Exercise -> In the entries below, find the line with "text \<open>" and print exactly every line from there up to and including the line with "Since \<open>w\<^sup>t\<^sub>i\<^sub>+\<^sub>1 = g", with no other lines.

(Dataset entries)
┄┄┄┄┄┄┄┄┄┄┄┄┄┄┄┄┄┄┄┄

lemma wedge_mem_lie_subalg_of_commutator:
  assumes "lie_subalg Q H" and "transpose Q = Q"
    and "wedge Q a b \<in> H" "wedge Q c d \<in> H"
    and "qf Q b c = 0" "qf Q a d = 0" "qf Q a c = 0 \<or> b = d" "qf Q b d \<noteq> 0"
  shows "wedge Q a c \<in> H"
proof -
  have mem: "wedge Q a b ** wedge Q c d - wedge Q c d ** wedge Q a b \<in> H"
    using assms(1,3,4) unfolding lie_subalg_def by blast
  have eq: "wedge Q a b ** wedge Q c d - wedge Q c d ** wedge Q a b =
      (\<chi> i k. - qf Q b d * wedge Q a c $ i $ k)"
  proof -
    have "qf Q a c * wedge Q b d $ i $ k = 0" for i k
      using assms(7) by auto
    then show ?thesis
      by (simp add: wedge_commutator[OF assms(2)] vec_eq_iff assms(5,6))
  qed
  show ?thesis
    using assms(8) by (intro lie_subalg_scale_cancel[OF assms(1) _ mem[unfolded eq]]) simp
qed

theorem lemma5p6:
  fixes Q :: "complex^'n^'n" and L1 L2 :: "(complex^'n) set" and u1 u2 :: "complex^'n"
    and H :: "(complex^'n^'n) set"
  assumes "CARD('n) \<ge> 7"
    and "nondegenerate Q"
    and "is_line L1" and "is_line L2"
    and "u1 \<noteq> 0" and "u1 \<in> perp Q L1" and "qf Q u1 u1 = 0"
    and "dim_is_2 (set_plus_vec L1 (cline u1))"
    and "u2 \<noteq> 0" and "u2 \<in> perp Q L2" and "qf Q u2 u2 = 0"
    and "dim_is_2 (set_plus_vec L2 (cline u2))"
    and "lie_subalg Q H"
    and "r_alg Q L1 u1 \<subseteq> H" and "r_alg Q L2 u2 \<subseteq> H"
  shows "wedge Q u1 u2 \<in> H"
proof -
  have sym: "transpose Q = Q"
    using assms(2) by (simp add: nondegenerate_def)
  obtain l1 l2 where L: "L1 = cline l1" "L2 = cline l2"
    using assms(3,4) unfolding is_line_def by blast
  have r1: "wedge Q u1 w \<in> H" if "w \<in> perp Q {l1, u1, u2}" for w
    using assms(14) that perp_antimono[of "{l1, u1}" "{l1, u1, u2}" Q] by (auto simp: L r_alg_cline)
  have r2: "wedge Q u2 w \<in> H" if "w \<in> perp Q {l2, u1, u2}" for w
    using assms(15) that perp_antimono[of "{l2, u2}" "{l2, u1, u2}" Q] by (auto simp: L r_alg_cline)
  have key: "wedge Q u1 u2 \<in> H"
    if "w \<in> perp Q {l1, u1, u2}" "w' \<in> perp Q {l2, u1, u2}"
      "qf Q u1 u2 = 0 \<or> w = w'" "qf Q w w' \<noteq> 0" for w w'
    using that
    by (intro wedge_mem_lie_subalg_of_commutator[OF assms(13) sym r1 r2])
      (auto simp: perp_def qf_commute[OF sym, of w u2])
  show ?thesis
  proof (cases "qf Q u1 u2 = 0")
    case True
    have "card {l1, u1, u2} \<le> 3" "card {l2, u1, u2} \<le> 3"
      by (auto simp: card_insert_if)
    then obtain w w' where "w \<in> perp Q {l1, u1, u2}" "w' \<in> perp Q {l2, u1, u2}" "qf Q w w' \<noteq> 0"
      using assms(1) exists_non_orthogonal_in_perps[OF assms(2), of "{l1, u1, u2}" "{l2, u1, u2}"]
      by auto
    then show ?thesis
      using key True by blast
  next
    case False
    have "card {l1, u1, l2, u2} \<le> 4"
      by (auto simp: card_insert_if)
    then obtain w where "w \<in> perp Q {l1, u1, l2, u2}" "qf Q w w \<noteq> 0"
      using assms(1) exists_anisotropic_in_perp[OF assms(2), of "{l1, u1, l2, u2}" u1 u2]
        assms(7,11) False by auto
    then show ?thesis
      using key[of w w] by (auto simp: perp_def)
  qed
qed
text \<open>
  Since \<open>w\<^sup>t\<^sub>i\<^sub>+\<^sub>1 = g w\<^sup>t\<^sub>i\<close>, the operator \<open>N = g - 1\<close> acts on a chain as the forward difference
  in \<open>i\<close>. Once \<open>N^(2p)\<close> kills chain \<open>t\<close> (with \<open>p = p\<^sub>t\<close>), the function \<open>j \<mapsto> (w\<^sup>t\<^sub>i, w\<^sup>t\<^sub>j)\<close> has
  vanishing \<open>2p\<close>-th difference, so it is a polynomial of degree \<open>< 2p\<close> in \<open>j\<close>; the \<open>2p\<close> values
  prescribed by adaptedness pin it down as the binomial coefficient \<open>(j - i + p - 1 choose 2p - 1)\<close>.
  In the same way the windows of zeros in the definition of an adapted collection make
  distinct chains orthogonal.

  That \<open>N^(2p\<^sub>t)\<close> kills chain \<open>t\<close> (and \<open>N\<close> kills the extra chain) is proved by induction on \<open>t\<close>.
  With \<open>k\<close> the block size of chain \<open>t\<close>, the vectors \<open>N^(2p\<^sub>s - 1 - e) w\<^sup>s\<^sub>0\<close> for \<open>s < t\<close> and
  \<open>e < 2p\<^sub>s - k\<close> lie in the image of \<open>N^k\<close>; pairing them with \<open>w\<^sup>s\<^sub>p\<^sub>s\<^sub>-\<^sub>1\<^sub>-\<^sub>v\<close> gives the
  unitriangular matrix \<open>(v choose e)\<close>, so they are independent, and by the Jordan type there are
  exactly \<open>rank N^k\<close> of them. Hence \<open>N^k w\<^sup>t\<^sub>b\<close> is a combination of them, and since chain \<open>t\<close>
  is orthogonal to the earlier chains, all coefficients vanish. The extra chain is then
  constant, and its self-pairing vanishes because the form is alternating or the
  characteristic is 2.
\<close>

section \<open>Forward differences of functions on the integers\<close>

definition fwd_diff :: "(int \<Rightarrow> 'b::minus) \<Rightarrow> int \<Rightarrow> 'b" where
  "fwd_diff f m = f (m + 1) - f m"

lemma funpow_fwd_diff_Suc: "(fwd_diff ^^ Suc a) f = (fwd_diff ^^ a) (fwd_diff f)"
  by (simp only: funpow_Suc_right comp_def)

lemma funpow_fwd_diff_diff:
  fixes f h :: "int \<Rightarrow> 'a::ab_group_add"
  shows "(fwd_diff ^^ a) (\<lambda>m. f m - h m) = (\<lambda>m. (fwd_diff ^^ a) f m - (fwd_diff ^^ a) h m)"
proof (induction a arbitrary: f h)
  case (Suc a)
  have "fwd_diff (\<lambda>m. f m - h m) = (\<lambda>m. fwd_diff f m - fwd_diff h m)"
    by (rule ext) (simp add: fwd_diff_def algebra_simps)
  then show ?case unfolding funpow_fwd_diff_Suc using Suc[of "fwd_diff f" "fwd_diff h"] by simp
qed simp

lemma funpow_fwd_diff_of_int:
  fixes h :: "int \<Rightarrow> int"
  shows "(fwd_diff ^^ a) (\<lambda>m. (of_int (h m) :: 'a::ring_1)) = (\<lambda>m. of_int ((fwd_diff ^^ a) h m))"
proof (induction a arbitrary: h)
  case (Suc a)
  have "fwd_diff (\<lambda>m. (of_int (h m) :: 'a)) = (\<lambda>m. of_int (fwd_diff h m))"
    by (rule ext) (simp add: fwd_diff_def)
  then show ?case unfolding funpow_fwd_diff_Suc using Suc[of "fwd_diff h"] by simp
qed simp

lemma funpow_fwd_diff_zero: "(fwd_diff ^^ a) (\<lambda>_. (0::'a::ab_group_add)) = (\<lambda>_. 0)"
  by (induction a) (auto simp: fwd_diff_def)

lemma int_fun_const_if_shift_eq:
  fixes f :: "int \<Rightarrow> 'a"
  assumes "\<And>m. f (m + 1) = f m"
  shows "f m = f m0"
proof -
  have up: "f (m0 + int k) = f m0" for k
  proof (induction k)
    case (Suc k)
    have "f (m0 + int (Suc k)) = f (m0 + int k + 1)" by (simp add: ac_simps)
    also have "\<dots> = f (m0 + int k)" by (rule assms)
    finally show ?case using Suc by simp
  qed simp
  have down: "f (m0 - int k) = f m0" for k
  proof (induction k)
    case (Suc k)
    have "f (m0 - int (Suc k)) = f (m0 - int (Suc k) + 1)" by (rule assms[symmetric])
    also have "m0 - int (Suc k) + 1 = m0 - int k" by simp
    finally show ?case using Suc by simp
  qed simp
  show ?thesis
  proof (cases "m \<ge> m0")
    case True
    then have "m = m0 + int (nat (m - m0))" by simp
    then show ?thesis using up by metis
  next
    case False
    then have "m = m0 - int (nat (m0 - m))" by simp
    then show ?thesis using down by metis
  qed
qed

lemma funpow_fwd_diff_zero_imp_zero:
  fixes f :: "int \<Rightarrow> 'a::ab_group_add"
  assumes "\<And>m. (fwd_diff ^^ n) f m = 0" and "\<And>i. i < n \<Longrightarrow> f (m0 + int i) = 0"
  shows "f m = 0"
  using assms
proof (induction n arbitrary: f m)
  case (Suc n)
  have diff_zero: "fwd_diff f m' = 0" for m'
  proof (rule Suc.IH)
    show "(fwd_diff ^^ n) (fwd_diff f) m = 0" for m
      using Suc.prems(1)[of m] unfolding funpow_fwd_diff_Suc .
    show "fwd_diff f (m0 + int i) = 0" if "i < n" for i
      using Suc.prems(2)[of i] Suc.prems(2)[of "Suc i"] that by (simp add: fwd_diff_def ac_simps)
  qed
  have "f m = f m0"
    by (rule int_fun_const_if_shift_eq) (use diff_zero in \<open>simp add: fwd_diff_def\<close>)
  also have "f m0 = 0" using Suc.prems(2)[of 0] by simp
  finally show ?case .
qed simp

┄┄┄┄┄┄┄┄┄┄┄┄┄┄┄┄┄┄┄┄

Completed exercise ->
text \<open>
  Since \<open>w\<^sup>t\<^sub>i\<^sub>+\<^sub>1 = g w\<^sup>t\<^sub>i\<close>, the operator \<open>N = g - 1\<close> acts on a chain as the forward difference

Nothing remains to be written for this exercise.